2.2.76
MARKERS FOR DETECTING SOMATIC HYBRIDS OF PHYTOPHTHORA INFESTANS: AFLP VERSUS RG57

AI PURVIS, DS SHAW and SJ ASSINDER

School of Biological Sciences, University of Wales, Bangor, Gwynedd LL57 2UW, UK

Background and objectives
Genotypic diversity within populations of the late-blight fungus, Phytophthora infestans has increased recently in the UK and other countries following migration within diseased tubers from Mexico in 1976. Although the A2 mating type was first introduced at this time, its frequency in the UK has remained low; it has been detected in only 5-10% of sampled sites (4% of isolates) over the past five years, although where it occurs, its frequency may exceed 50%. The opportunity for sexual reproduction to generate variation is thus strictly limited. A further explanation for the continued generation of new genotypes is somatic hybridisation. Early work suggested that somatic recombination could occur in vitro and on host tissue [1] but this could not be confirmed without molecular data. We are investigating the possibility that somatic recombination, as recombination of chromosomal genes following heterokaryon formation or re-assortment of nuclear and mitochondrial genes, occurs both in vitro and in the field. To this end we are investigating with traditional RFLPs and with AFLPs the levels of variation detectable within a group of 98 isolates and aim to demonstrate recombination of variable bands between suitable isolates through the parasexual cycle. The results of the initial study will be presented.

Materials and methods
Isolates were selected on the basis of their DNA fingerprint pattern using RFLP probe RG57 and mitochondrial haplotype. A range of isolates from around the UK with different RG57 patterns and mitochondrial haplotypes were selected. AFLP fingerprinting was performed on the selected isolates as described in [2]. Two primer combinations (E19-M40 and E19-M16) were used for the selective amplification. Polymorphic bands were scored as presence (1) or absence (0) for each sample. NTSYS-PC was used to construct two UPGMA trees with all individuals; one based on the total RG57 data and another from the polymorphic bands from the AFLP data.

Results and conclusions
Nine bands out of 25 were polymorphic within the sample of 98 isolates using probe RG57. Using two pairs of AFLP primers, approximately 150 bands were amplified within the total sample and 24 of these were polymorphic.

The RG57 tree splits the sample on the basis of their mitochondrial type.

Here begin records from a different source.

lemma prod_lessThan_offset: "(\<Prod>s<offset a k R. F s) = (\<Prod>t<R. \<Prod>q<depth_tau a k t. F (offset a k t + q))"
  by (induction R) (auto simp: offset_Suc prod_lessThan_add)

lemma finite_col_group: "finite (col_group lam)"
  unfolding col_group_def by (rule finite_subset[OF _ finite_permutations[of "{0..<sum_list lam}"]]) auto

lemma finite_Evee: "finite (Evee r n a)"
  by (rule finite_subset[of _ "{..<r} \<times> {..n} \<times> {..n}"]) (auto simp: Evee_def)

lemma prod_if_zero:
  fixes w :: "'i \<Rightarrow> 'b::comm_semiring_1"
  assumes "finite A"
  shows "(\<Prod>t\<in>A. if B t then w t else 0) = (if \<forall>t\<in>A. B t then \<Prod>t\<in>A. w t else 0)"
  using assms by (induction A rule: finite_induct) auto

section \<open>Expansion of the coefficients \<open>a\<^sub>\<kappa>\<^sub>,\<^sub>l\<close>\<close>

text \<open>Expanding the Young symmetrizers (the row groups act trivially on row-constant labels), a
  choice \<open>P \<tau> = (p\<^sup>+, p\<^sup>-)\<close> of column permutations for every block contributes its sign to the
  coefficient of exactly one sequence \<open>labelling_of P\<close>: slot \<open>q\<close> of block \<open>\<tau>\<close> carries
  \<open>l\<^sup>\<tau>\<^sub>i\<^sub>,\<^sub>j\<close>, where \<open>i\<close> is the row of \<open>p\<^sup>+ q\<close> and \<open>j - a\<^sub>\<tau>\<close> the row of \<open>p\<^sup>- q\<close>.\<close>

definition column_perm_choices :: "nat \<Rightarrow> nat \<Rightarrow> (nat \<Rightarrow> nat) \<Rightarrow> (nat \<Rightarrow> nat \<Rightarrow> int) \<Rightarrow> (nat \<Rightarrow> (nat \<Rightarrow> nat) \<times> (nat \<Rightarrow> nat)) set" where
  "column_perm_choices r n a k = PiE {..<r} (\<lambda>t. col_group (lam_plus a k t) \<times> col_group (lam_minus n a k t))"

definition labelling_of :: "nat \<Rightarrow> nat \<Rightarrow> (nat \<Rightarrow> nat) \<Rightarrow> (nat \<Rightarrow> nat \<Rightarrow> int) \<Rightarrow> (nat \<Rightarrow> (nat \<Rightarrow> nat) \<times> (nat \<Rightarrow> nat)) \<Rightarrow> nat \<Rightarrow> var" where
  "labelling_of r n a k P = (\<lambda>s. if s < depth r a k then
      (block_of r a k s,
       row_of (lam_plus a k (block_of r a k s)) (fst (P (block_of r a k s)) (s - offset a k (block_of r a k s))) + 1,
       a (block_of r a k s) + 1 + row_of (lam_minus n a k (block_of r a k s)) (snd (P (block_of r a k s)) (s - offset a k (block_of r a k s))))
     else undefined)"

definition choice_sign :: "nat \<Rightarrow> (nat \<Rightarrow> (nat \<Rightarrow> nat) \<times> (nat \<Rightarrow> nat)) \<Rightarrow> int" where
  "choice_sign r P = (\<Prod>t<r. sign (fst (P t)) * sign (snd (P t)))"

text \<open>\<open>theta_symbol r n a k x\<close> is \<open>\<theta>\<^sup>\<kappa>\<close> with every \<open>\<theta>\<^sub>l\<close> replaced by the integer \<open>x l\<close>.\<close>

definition theta_symbol :: "nat \<Rightarrow> nat \<Rightarrow> (nat \<Rightarrow> nat) \<Rightarrow> (nat \<Rightarrow> nat \<Rightarrow> int) \<Rightarrow> (var \<Rightarrow> nat) \<Rightarrow> int" where
  "theta_symbol r n a k x = (\<Sum>l\<in>({0..<depth r a k} \<rightarrow>\<^sub>E Evee r n a). a_coef r n a k l * (\<Prod>s<depth r a k. int (x (l s))))"

definition block_matrix :: "(nat \<Rightarrow> nat) \<Rightarrow> (var \<Rightarrow> nat) \<Rightarrow> nat \<Rightarrow> nat \<Rightarrow> nat \<Rightarrow> int" where
  "block_matrix a x t = (\<lambda>i j. int (x (t, i + 1, a t + 1 + j)))"

lemma labelling_of_offset:
  assumes "t < r" "q < depth_tau a k t"
  shows "labelling_of r n a k P (offset a k t + q) = (t, row_of (lam_plus a k t) (fst (P t) q) + 1, a t + 1 + row_of (lam_minus n a k t) (snd (P t) q))"
proof -
  have "offset a k t + q < depth r a k" using offset_depth_tau_le_depth[of t r a k, OF assms(1)] assms(2) by simp
  then show ?thesis using block_of_offset[OF assms] by (simp add: labelling_of_def)
qed

context
  fixes r n :: nat and a :: "nat \<Rightarrow> nat" and k :: "nat \<Rightarrow> nat \<Rightarrow> int"
  assumes sw: "symmetric_weight r n a k" and an: "\<forall>t<r. a t \<le> n"
begin

lemma col_group_lam_plus_less:
  assumes "t < r" "p \<in> col_group (lam_plus a k t)" "q < depth_tau a k t"
  shows "p q < depth_tau a k t"
proof -
  have pp: "p permutes {0..<depth_tau a k t}" using assms(2) sum_list_lam_plus[OF sw an assms(1)] by (simp add: col_group_def)
  then show ?thesis using permutes_in_image[OF pp, of q] assms(3) by simp
qed

lemma col_group_lam_minus_less:
  assumes "t < r" "p \<in> col_group (lam_minus n a k t)" "q < depth_tau a k t"
  shows "p q < depth_tau a k t"
proof -
  have pp: "p permutes {0..<depth_tau a k t}" using assms(2) sum_list_lam_minus[OF sw an assms(1)] by (simp add: col_group_def)
  then show ?thesis using permutes_in_image[OF pp, of q] assms(3) by simp
qed

lemma labelling_of_in_PiE:
  assumes P: "P \<in> column_perm_choices r n a k"
  shows "labelling_of r n a k P \<in> ({0..<depth r a k} \<rightarrow>\<^sub>E Evee r n a)"
proof -
  have "labelling_of r n a k P s \<in> Evee r n a" if s: "s < depth r a k" for s
  proof -
    let ?t = "block_of r a k s"
    let ?q = "s - offset a k ?t"
    note b = block_of_bounds[OF s]
    have q: "?q < depth_tau a k ?t" using b by simp
    have "P ?t \<in> col_group (lam_plus a k ?t) \<times> col_group (lam_minus n a k ?t)"
      using P b(1) unfolding column_perm_choices_def by (intro PiE_mem[of P "{..<r}"]) auto
    then have Pt: "fst (P ?t) \<in> col_group (lam_plus a k ?t)" "snd (P ?t) \<in> col_group (lam_minus n a k ?t)"
      by (simp_all add: mem_Times_iff)
    have plus: "fst (P ?t) ?q < sum_list (lam_plus a k ?t)" using col_group_lam_plus_less[OF b(1) Pt(1) q] sum_list_lam_plus[OF sw an b(1)] by simp
    have minus: "snd (P ?t) ?q < sum_list (lam_minus n a k ?t)" using col_group_lam_minus_less[OF b(1) Pt(2) q] sum_list_lam_minus[OF sw an b(1)] by simp
    have "row_of (lam_plus a k ?t) (fst (P ?t) ?q) < a ?t" using row_of_bounds(1)[OF plus] by simp
    moreover have "row_of (lam_minus n a k ?t) (snd (P ?t) ?q) < n - a ?t" using row_of_bounds(1)[OF minus] by simp
    moreover have "a ?t \<le> n" using an b(1) by simp
    ultimately show ?thesis using s b(1) unfolding labelling_of_def Evee_def by simp
  qed
  moreover have "labelling_of r n a k P s = undefined" if "s \<notin> {0..<depth r a k}" for s
    using that by (simp add: labelling_of_def)
  ultimately show ?thesis by (intro PiE_I) auto
qed

lemma labelling_of_iff:
  assumes l: "l \<in> ({0..<depth r a k} \<rightarrow>\<^sub>E Evee r n a)" and P: "P \<in> column_perm_choices r n a k"
  shows "((\<forall>t<r. \<forall>q<depth_tau a k t. fst (l (offset a k t + q)) = t) \<and>
          (\<forall>t<r. (\<forall>q<depth_tau a k t. row_of (lam_plus a k t) (fst (P t) q) + 1 = fst (snd (l (offset a k t + q)))) \<and>
                 (\<forall>q<depth_tau a k t. a t + 1 + row_of (lam_minus n a k t) (snd (P t) q) = snd (snd (l (offset a k t + q))))))
         \<longleftrightarrow> l = labelling_of r n a k P" (is "?A \<longleftrightarrow> _")
proof
  assume "l = labelling_of r n a k P"
  then show ?A by (simp add: labelling_of_offset)
next
  assume A: ?A
  have LPin: "labelling_of r n a k P \<in> ({0..<depth r a k} \<rightarrow>\<^sub>E Evee r n a)" by (rule labelling_of_in_PiE[OF P])
  show "l = labelling_of r n a k P"
  proof (rule PiE_ext[OF l LPin])
    fix s assume "s \<in> {0..<depth r a k}"
    then have s: "s < depth r a k" by simp
    let ?t = "block_of r a k s"
    let ?q = "s - offset a k ?t"
    note b = block_of_bounds[OF s]
    have q: "?q < depth_tau a k ?t" and sq: "s = offset a k ?t + ?q" using b by auto
    from A have A1: "\<forall>t<r. \<forall>q<depth_tau a k t. fst (l (offset a k t + q)) = t"
      and A2: "\<forall>t<r. \<forall>q<depth_tau a k t. row_of (lam_plus a k t) (fst (P t) q) + 1 = fst (snd (l (offset a k t + q)))"
      and A3: "\<forall>t<r. \<forall>q<depth_tau a k t. a t + 1 + row_of (lam_minus n a k t) (snd (P t) q) = snd (snd (l (offset a k t + q)))"
      by blast+
    have "fst (l s) = ?t" using A1[rule_format, OF b(1) q] sq by simp
    moreover have "fst (snd (l s)) = row_of (lam_plus a k ?t) (fst (P ?t) ?q) + 1" using A2[rule_format, OF b(1) q] sq by simp
    moreover have "snd (snd (l s)) = a ?t + 1 + row_of (lam_minus n a k ?t) (snd (P ?t) ?q)" using A3[rule_format, OF b(1) q] sq by simp
    ultimately have "l s = (?t, row_of (lam_plus a k ?t) (fst (P ?t) ?q) + 1, a ?t + 1 + row_of (lam_minus n a k ?t) (snd (P ?t) ?q))"
      by (metis prod.collapse)
    then show "l s = labelling_of r n a k P s" using labelling_of_offset[OF b(1) q] sq by metis
  qed
qed

lemma young_coef_pair_eq_sum:
  assumes t: "t < r"
  shows "young_coef (lam_plus a k t) (\<lambda>i. i + 1) (\<lambda>q. fst (snd (l (offset a k t + q)))) *
         young_coef (lam_minus n a k t) (\<lambda>i. a t + 1 + i) (\<lambda>q. snd (snd (l (offset a k t + q))))
    = (\<Sum>pp\<in>col_group (lam_plus a k t) \<times> col_group (lam_minus n a k t).
         if (\<forall>q<depth_tau a k t. row_of (lam_plus a k t) (fst pp q) + 1 = fst (snd (l (offset a k t + q)))) \<and>
            (\<forall>q<depth_tau a k t. a t + 1 + row_of (lam_minus n a k t) (snd pp q) = snd (snd (l (offset a k t + q))))
         then sign (fst pp) * sign (snd pp) else 0)"
  unfolding young_coef_eq_col_sum sum_list_lam_plus[OF sw an t] sum_list_lam_minus[OF sw an t]
    sum_product sum.cartesian_product
  by (rule sum.cong) auto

The majority of samples with type Ia mitochondria appeared in one clade and those with type IIa clustered tightly in another. Two loci seem to be important in determining this division. The same pattern is recreated with the AFLP data but an additional level of resolution can be seen as a separate clade consisting of the A2 isolates. The split dividing mating type and that dividing mitochondrial type are each dependent on seven loci from the group of 24.

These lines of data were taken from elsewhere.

theorem proposition2p2:
  fixes \<beta> :: real and d k :: nat
  assumes "\<beta> > 0" and "k \<ge> 1" and "d \<ge> 1"
    and "1 \<le> \<beta>"
    and "\<beta> \<le> 1 + (1/2) * ln (real d / (8 * max (2 * real k) 28))"
  shows "(\<integral>P. Max {(\<Sum>j\<in>s. P j) | s. s \<subseteq> {1..d} \<and> card s = k}
            \<partial>(PiM {1..d} (\<lambda>_. beta_distr \<beta> \<beta>))) \<ge> (3/4) * real k"
proof -
  define m where "m = d div k"
  have "0 < exp (2 * (\<beta> - 1))"
    by simp
  then have "0 < m"
    using block_length_ge[OF assms(2-5)] unfolding m_def by linarith
  have "15/16 \<le> 1 - measure (beta_distr \<beta> \<beta>) {..4/5} ^ m"
    using beta_distr_atMost_four_fifths_power_le[OF assms(2-5)] by (simp add: m_def)
  then have "(3/4) * real k \<le> real k * (4/5) * (1 - measure (beta_distr \<beta> \<beta>) {..4/5} ^ m)"
    using mult_left_mono[of "15/16" _ "real k * (4/5)"] by simp
  also have "\<dots> \<le> (\<integral>P. max_k_sum d k P \<partial>PiM {1..d} (\<lambda>_. beta_distr \<beta> \<beta>))"
    using prob_space_beta_distr assms(1) AE_beta_distr_unit_interval \<open>0 < m\<close>
    by (intro expectation_max_k_sum_ge) (simp_all add: m_def sets_beta_distr times_div_less_eq_dividend)
  finally show ?thesis
    unfolding max_k_sum_def .
qed

end
lemma Gdist_sq_split:
  assumes "size S = size T"
    and separated: "\<And>x y. x \<in># S \<Longrightarrow> y \<in># T \<Longrightarrow> Pr x \<noteq> Pr y \<Longrightarrow> Gdist S T < dist x y"
  shows "(Gdist S T)\<^sup>2 = (Gdist (filter_mset Pr S) (filter_mset Pr T))\<^sup>2
           + (Gdist (filter_mset (\<lambda>x. \<not> Pr x) S) (filter_mset (\<lambda>x. \<not> Pr x) T))\<^sup>2"
    (is "_ = (Gdist ?S1 ?T1)\<^sup>2 + (Gdist ?S2 ?T2)\<^sup>2")
proof -
  obtain M where M: "M \<in> couplings S T" "(Gdist S T)\<^sup>2 = coupling_cost M"
    and short: "\<forall>(x, y)\<in>#M. dist x y \<le> Gdist S T"
    using optimal_coupling_dist_le_Gdist[OF assms(1)] by blast
  have aligned: "\<forall>(x, y)\<in>#M. Pr x = Pr y"
  proof clarify
    fix x y assume "(x, y) \<in># M"
    moreover from this have "x \<in># S" "y \<in># T"
      using M(1) unfolding couplings_def by force+
    ultimately show "Pr x = Pr y" using separated short by force
  qed
  define M1 M2 where "M1 = filter_mset (\<lambda>z. Pr (fst z)) M" and "M2 = filter_mset (\<lambda>z. \<not> Pr (fst z)) M"
  have "M1 \<in> couplings ?S1 ?T1" "M2 \<in> couplings ?S2 ?T2"
    unfolding M1_def M2_def using M(1) aligned
    by (auto intro!: filter_mset_in_couplings[where Pr = Pr] filter_mset_in_couplings[where Pr = "\<lambda>x. \<not> Pr x"])
  then have sizes: "size ?S1 = size ?T1" "size ?S2 = size ?T2"
    by (simp_all add: size_eq_if_in_couplings)
  have "coupling_cost M = coupling_cost M1 + coupling_cost M2"
    unfolding M1_def M2_def by (simp flip: coupling_cost_union)
  moreover have "(Gdist ?S1 ?T1)\<^sup>2 \<le> coupling_cost M1" "(Gdist ?S2 ?T2)\<^sup>2 \<le> coupling_cost M2"
    using \<open>M1 \<in> _\<close> \<open>M2 \<in> _\<close> by (simp_all add: Gdist_sq_le_coupling_cost)
  ultimately have lower: "(Gdist ?S1 ?T1)\<^sup>2 + (Gdist ?S2 ?T2)\<^sup>2 \<le> (Gdist S T)\<^sup>2"
    using M(2) by linarith
  obtain N1 where N1: "N1 \<in> couplings ?S1 ?T1" "(Gdist ?S1 ?T1)\<^sup>2 = coupling_cost N1"
    using Gdist_sq_attained[OF sizes(1)] by blast
  obtain N2 where N2: "N2 \<in> couplings ?S2 ?T2" "(Gdist ?S2 ?T2)\<^sup>2 = coupling_cost N2"
    using Gdist_sq_attained[OF sizes(2)] by blast
  have "N1 + N2 \<in> couplings S T"
    using union_in_couplings[OF N1(1) N2(1)] by (simp flip: multiset_partition)
  then have "(Gdist S T)\<^sup>2 \<le> coupling_cost (N1 + N2)"
    by (rule Gdist_sq_le_coupling_cost)
  with lower show ?thesis by (simp add: coupling_cost_union N1(2) N2(2))
qed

Seventeen isolates of a common RG57 genotype (genotype 39) have been collected from around Britain (North England, Scotland and East Anglia). With AFLPs, 12 of these were grouped together in three closely related clusters. However, the remaining five had completely different AFLP patterns from the main body of the genotype 39 group, questioning the assumption that isolates with the same RG57 fingerprint belong to a single clonal lineage. A total of 10 isolates with an appropriate number of polymorphic bands have been selected from the AFLP study to further investigate the inheritance of bands through parasexual recombination.

References
1. Malcolmson J, 1970. Nature 225, 971-72.
2.Vos P, et. al. 1995. Nucleic Acids Research 23, 4407-4414.